* [WHAT YOU NEED TO DO]:
Reproduce word for word the lines between those holding "k)) = complex_of_real" and "using cinner_mult_cinner_commute[of x", inclusive, and nothing else from the data below.

* [MATERIAL FOR THIS EXERCISE]:
··········
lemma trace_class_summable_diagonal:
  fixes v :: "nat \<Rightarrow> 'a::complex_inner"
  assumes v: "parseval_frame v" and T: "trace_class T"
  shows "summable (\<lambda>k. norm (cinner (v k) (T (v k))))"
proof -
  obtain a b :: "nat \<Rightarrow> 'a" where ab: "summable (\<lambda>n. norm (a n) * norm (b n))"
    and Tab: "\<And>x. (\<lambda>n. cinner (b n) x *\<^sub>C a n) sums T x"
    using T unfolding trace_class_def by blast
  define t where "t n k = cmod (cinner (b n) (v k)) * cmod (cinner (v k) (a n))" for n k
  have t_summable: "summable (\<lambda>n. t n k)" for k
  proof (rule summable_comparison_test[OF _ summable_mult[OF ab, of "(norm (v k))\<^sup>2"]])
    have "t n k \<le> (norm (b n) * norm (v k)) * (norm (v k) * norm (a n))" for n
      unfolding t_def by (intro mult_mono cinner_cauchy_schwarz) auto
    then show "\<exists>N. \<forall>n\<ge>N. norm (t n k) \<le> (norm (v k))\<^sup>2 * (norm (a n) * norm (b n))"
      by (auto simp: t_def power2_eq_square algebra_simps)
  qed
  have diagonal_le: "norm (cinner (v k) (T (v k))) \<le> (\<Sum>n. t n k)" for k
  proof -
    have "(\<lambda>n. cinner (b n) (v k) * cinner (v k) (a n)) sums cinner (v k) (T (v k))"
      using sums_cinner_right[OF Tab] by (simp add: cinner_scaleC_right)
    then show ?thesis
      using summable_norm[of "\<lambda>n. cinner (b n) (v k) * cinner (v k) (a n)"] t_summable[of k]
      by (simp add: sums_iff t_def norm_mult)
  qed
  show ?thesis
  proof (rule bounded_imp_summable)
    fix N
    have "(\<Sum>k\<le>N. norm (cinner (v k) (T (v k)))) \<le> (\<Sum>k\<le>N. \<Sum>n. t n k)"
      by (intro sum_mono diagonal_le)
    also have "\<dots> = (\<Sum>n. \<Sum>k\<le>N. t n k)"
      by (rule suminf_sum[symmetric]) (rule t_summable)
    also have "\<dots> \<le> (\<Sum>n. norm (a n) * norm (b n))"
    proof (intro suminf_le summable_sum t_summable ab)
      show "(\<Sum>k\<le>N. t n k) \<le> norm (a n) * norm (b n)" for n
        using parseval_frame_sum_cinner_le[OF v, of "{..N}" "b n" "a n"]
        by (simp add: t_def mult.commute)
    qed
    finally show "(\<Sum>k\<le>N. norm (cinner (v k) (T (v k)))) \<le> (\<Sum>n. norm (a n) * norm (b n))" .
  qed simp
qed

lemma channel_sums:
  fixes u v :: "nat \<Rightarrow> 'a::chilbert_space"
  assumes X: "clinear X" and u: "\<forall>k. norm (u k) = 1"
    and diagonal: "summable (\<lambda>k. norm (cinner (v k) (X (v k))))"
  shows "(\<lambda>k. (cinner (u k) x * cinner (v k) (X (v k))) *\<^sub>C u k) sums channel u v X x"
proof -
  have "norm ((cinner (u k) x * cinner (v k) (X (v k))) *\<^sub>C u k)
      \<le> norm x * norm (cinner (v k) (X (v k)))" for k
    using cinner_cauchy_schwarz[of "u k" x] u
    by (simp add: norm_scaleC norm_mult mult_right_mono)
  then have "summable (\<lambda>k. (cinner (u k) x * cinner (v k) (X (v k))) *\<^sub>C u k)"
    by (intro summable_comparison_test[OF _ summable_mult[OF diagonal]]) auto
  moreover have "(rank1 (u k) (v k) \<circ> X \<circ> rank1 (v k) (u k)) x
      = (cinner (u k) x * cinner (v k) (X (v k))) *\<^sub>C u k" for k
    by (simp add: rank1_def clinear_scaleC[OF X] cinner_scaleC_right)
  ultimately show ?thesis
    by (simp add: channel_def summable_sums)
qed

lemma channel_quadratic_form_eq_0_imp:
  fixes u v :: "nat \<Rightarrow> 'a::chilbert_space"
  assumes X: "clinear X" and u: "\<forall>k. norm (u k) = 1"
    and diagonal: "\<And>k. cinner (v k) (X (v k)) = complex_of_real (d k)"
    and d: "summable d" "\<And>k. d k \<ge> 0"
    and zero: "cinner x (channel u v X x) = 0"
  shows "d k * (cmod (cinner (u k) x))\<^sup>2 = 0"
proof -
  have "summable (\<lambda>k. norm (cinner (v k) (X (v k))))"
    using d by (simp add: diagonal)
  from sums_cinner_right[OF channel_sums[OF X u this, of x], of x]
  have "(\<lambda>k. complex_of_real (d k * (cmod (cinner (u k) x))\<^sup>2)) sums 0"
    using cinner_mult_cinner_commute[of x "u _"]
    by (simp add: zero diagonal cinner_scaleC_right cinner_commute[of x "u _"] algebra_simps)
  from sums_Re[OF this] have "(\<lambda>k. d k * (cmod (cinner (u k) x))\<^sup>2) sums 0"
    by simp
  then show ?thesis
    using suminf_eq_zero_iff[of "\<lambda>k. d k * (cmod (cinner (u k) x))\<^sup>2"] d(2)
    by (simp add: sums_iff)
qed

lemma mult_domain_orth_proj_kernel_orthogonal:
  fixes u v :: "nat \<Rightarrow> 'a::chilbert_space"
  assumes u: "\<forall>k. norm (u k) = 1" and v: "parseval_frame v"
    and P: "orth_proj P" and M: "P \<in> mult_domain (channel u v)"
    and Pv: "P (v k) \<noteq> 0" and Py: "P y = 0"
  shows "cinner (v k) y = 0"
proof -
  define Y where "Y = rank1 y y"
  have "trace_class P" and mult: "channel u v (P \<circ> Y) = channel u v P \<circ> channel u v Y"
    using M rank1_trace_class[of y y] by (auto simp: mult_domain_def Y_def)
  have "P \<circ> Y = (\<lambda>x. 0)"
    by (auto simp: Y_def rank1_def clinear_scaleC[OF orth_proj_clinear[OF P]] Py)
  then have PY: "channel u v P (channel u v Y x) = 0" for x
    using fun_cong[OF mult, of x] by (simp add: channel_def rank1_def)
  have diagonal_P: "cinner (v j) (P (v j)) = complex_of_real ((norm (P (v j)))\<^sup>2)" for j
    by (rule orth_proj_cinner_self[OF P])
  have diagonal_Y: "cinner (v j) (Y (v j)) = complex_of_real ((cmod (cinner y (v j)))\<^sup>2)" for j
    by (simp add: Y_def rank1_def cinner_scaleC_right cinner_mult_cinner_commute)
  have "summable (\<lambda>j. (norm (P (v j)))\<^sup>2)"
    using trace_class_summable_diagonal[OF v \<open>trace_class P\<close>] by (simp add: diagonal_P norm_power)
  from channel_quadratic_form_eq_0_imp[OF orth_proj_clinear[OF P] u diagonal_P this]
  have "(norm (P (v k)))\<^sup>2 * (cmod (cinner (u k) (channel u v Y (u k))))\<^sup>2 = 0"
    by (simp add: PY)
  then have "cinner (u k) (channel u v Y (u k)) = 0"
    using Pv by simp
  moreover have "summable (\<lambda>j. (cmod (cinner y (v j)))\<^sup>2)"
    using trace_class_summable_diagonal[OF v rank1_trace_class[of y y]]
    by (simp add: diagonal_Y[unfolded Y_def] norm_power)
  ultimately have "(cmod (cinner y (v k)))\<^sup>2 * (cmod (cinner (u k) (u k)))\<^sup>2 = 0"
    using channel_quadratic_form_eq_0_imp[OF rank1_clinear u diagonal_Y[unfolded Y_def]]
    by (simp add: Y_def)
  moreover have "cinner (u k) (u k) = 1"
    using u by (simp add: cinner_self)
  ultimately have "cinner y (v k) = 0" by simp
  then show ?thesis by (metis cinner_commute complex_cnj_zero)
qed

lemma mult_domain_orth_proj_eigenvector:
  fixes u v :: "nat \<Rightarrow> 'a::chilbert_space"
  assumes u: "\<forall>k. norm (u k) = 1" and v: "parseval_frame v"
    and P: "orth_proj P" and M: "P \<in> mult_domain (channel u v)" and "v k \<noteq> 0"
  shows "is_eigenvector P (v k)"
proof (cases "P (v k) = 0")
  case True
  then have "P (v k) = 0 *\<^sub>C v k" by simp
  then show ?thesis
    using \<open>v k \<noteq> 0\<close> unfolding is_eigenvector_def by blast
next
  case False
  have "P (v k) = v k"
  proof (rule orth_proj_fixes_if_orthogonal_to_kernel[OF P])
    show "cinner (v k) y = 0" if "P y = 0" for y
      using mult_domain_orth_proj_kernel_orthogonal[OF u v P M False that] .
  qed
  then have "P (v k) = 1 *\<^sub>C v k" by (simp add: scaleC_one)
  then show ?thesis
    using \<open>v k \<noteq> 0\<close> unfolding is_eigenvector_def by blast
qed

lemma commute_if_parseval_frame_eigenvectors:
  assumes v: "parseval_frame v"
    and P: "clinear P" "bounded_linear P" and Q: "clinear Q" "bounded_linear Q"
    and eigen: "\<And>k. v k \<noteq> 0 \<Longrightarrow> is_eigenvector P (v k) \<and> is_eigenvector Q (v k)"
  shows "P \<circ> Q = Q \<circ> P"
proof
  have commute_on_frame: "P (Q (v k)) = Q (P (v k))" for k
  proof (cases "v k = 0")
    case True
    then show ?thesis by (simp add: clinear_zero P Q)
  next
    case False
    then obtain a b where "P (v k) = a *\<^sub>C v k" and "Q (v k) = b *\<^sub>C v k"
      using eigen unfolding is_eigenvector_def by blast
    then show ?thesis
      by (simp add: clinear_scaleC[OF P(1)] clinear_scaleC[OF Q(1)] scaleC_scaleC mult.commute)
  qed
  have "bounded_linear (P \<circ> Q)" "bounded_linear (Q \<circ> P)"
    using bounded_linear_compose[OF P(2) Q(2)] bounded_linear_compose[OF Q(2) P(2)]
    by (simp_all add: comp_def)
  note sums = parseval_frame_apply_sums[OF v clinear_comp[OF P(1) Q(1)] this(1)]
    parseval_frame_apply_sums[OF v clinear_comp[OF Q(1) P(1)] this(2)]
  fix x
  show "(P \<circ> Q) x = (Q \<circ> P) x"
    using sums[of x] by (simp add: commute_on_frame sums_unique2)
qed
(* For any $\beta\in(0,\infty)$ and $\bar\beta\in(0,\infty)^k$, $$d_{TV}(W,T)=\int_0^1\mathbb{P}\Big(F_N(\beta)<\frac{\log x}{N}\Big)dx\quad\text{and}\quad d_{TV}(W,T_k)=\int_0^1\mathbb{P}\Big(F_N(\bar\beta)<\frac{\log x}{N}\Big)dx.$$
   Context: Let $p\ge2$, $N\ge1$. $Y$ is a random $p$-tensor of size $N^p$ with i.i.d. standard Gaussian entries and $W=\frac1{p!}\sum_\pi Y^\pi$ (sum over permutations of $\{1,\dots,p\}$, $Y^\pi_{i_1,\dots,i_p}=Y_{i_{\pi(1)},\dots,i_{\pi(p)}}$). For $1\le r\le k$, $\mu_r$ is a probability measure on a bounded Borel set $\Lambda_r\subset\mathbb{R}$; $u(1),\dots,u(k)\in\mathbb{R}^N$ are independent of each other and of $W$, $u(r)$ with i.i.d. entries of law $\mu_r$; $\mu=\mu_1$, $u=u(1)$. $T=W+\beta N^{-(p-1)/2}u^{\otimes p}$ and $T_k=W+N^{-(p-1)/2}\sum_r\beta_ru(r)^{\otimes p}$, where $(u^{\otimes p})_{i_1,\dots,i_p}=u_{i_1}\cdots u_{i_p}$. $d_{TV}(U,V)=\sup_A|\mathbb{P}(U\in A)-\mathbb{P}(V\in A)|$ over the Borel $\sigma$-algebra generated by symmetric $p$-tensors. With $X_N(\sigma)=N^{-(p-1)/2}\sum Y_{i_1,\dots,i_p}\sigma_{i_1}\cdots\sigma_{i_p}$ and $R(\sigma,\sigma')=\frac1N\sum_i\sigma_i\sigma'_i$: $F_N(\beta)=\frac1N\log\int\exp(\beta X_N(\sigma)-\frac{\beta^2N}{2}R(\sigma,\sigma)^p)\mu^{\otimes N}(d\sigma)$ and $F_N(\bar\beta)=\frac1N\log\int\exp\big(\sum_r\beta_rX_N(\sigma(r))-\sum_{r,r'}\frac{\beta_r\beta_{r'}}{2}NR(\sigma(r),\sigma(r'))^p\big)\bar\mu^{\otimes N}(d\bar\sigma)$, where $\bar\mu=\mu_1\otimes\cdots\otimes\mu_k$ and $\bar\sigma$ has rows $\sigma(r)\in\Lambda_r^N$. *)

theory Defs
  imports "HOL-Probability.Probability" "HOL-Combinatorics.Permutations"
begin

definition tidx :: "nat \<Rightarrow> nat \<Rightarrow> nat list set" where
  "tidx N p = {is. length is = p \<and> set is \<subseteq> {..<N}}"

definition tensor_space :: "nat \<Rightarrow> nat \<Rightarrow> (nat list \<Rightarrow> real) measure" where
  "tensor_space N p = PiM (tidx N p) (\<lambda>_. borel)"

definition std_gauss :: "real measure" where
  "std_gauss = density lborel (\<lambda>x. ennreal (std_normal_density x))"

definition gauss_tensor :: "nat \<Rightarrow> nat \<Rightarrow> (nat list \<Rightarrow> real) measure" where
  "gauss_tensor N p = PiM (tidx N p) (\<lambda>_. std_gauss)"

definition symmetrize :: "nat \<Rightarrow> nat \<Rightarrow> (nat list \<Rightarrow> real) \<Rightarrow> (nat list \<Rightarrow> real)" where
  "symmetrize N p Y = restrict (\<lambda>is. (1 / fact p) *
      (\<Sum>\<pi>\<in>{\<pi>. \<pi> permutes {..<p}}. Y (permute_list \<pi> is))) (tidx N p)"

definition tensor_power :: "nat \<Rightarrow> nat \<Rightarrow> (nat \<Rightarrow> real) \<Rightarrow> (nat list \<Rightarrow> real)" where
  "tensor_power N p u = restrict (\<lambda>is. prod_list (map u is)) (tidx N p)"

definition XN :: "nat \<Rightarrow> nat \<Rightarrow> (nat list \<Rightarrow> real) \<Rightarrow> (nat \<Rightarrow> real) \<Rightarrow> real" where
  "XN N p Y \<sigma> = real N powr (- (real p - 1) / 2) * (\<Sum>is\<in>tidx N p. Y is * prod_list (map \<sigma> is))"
··········
* [RESPONSE]:
    and diagonal: "\<And>k. cinner (v k) (X (v k)) = complex_of_real (d k)"
    and d: "summable d" "\<And>k. d k \<ge> 0"
    and zero: "cinner x (channel u v X x) = 0"
  shows "d k * (cmod (cinner (u k) x))\<^sup>2 = 0"
proof -
  have "summable (\<lambda>k. norm (cinner (v k) (X (v k))))"
    using d by (simp add: diagonal)
  from sums_cinner_right[OF channel_sums[OF X u this, of x], of x]
  have "(\<lambda>k. complex_of_real (d k * (cmod (cinner (u k) x))\<^sup>2)) sums 0"
    using cinner_mult_cinner_commute[of x "u _"]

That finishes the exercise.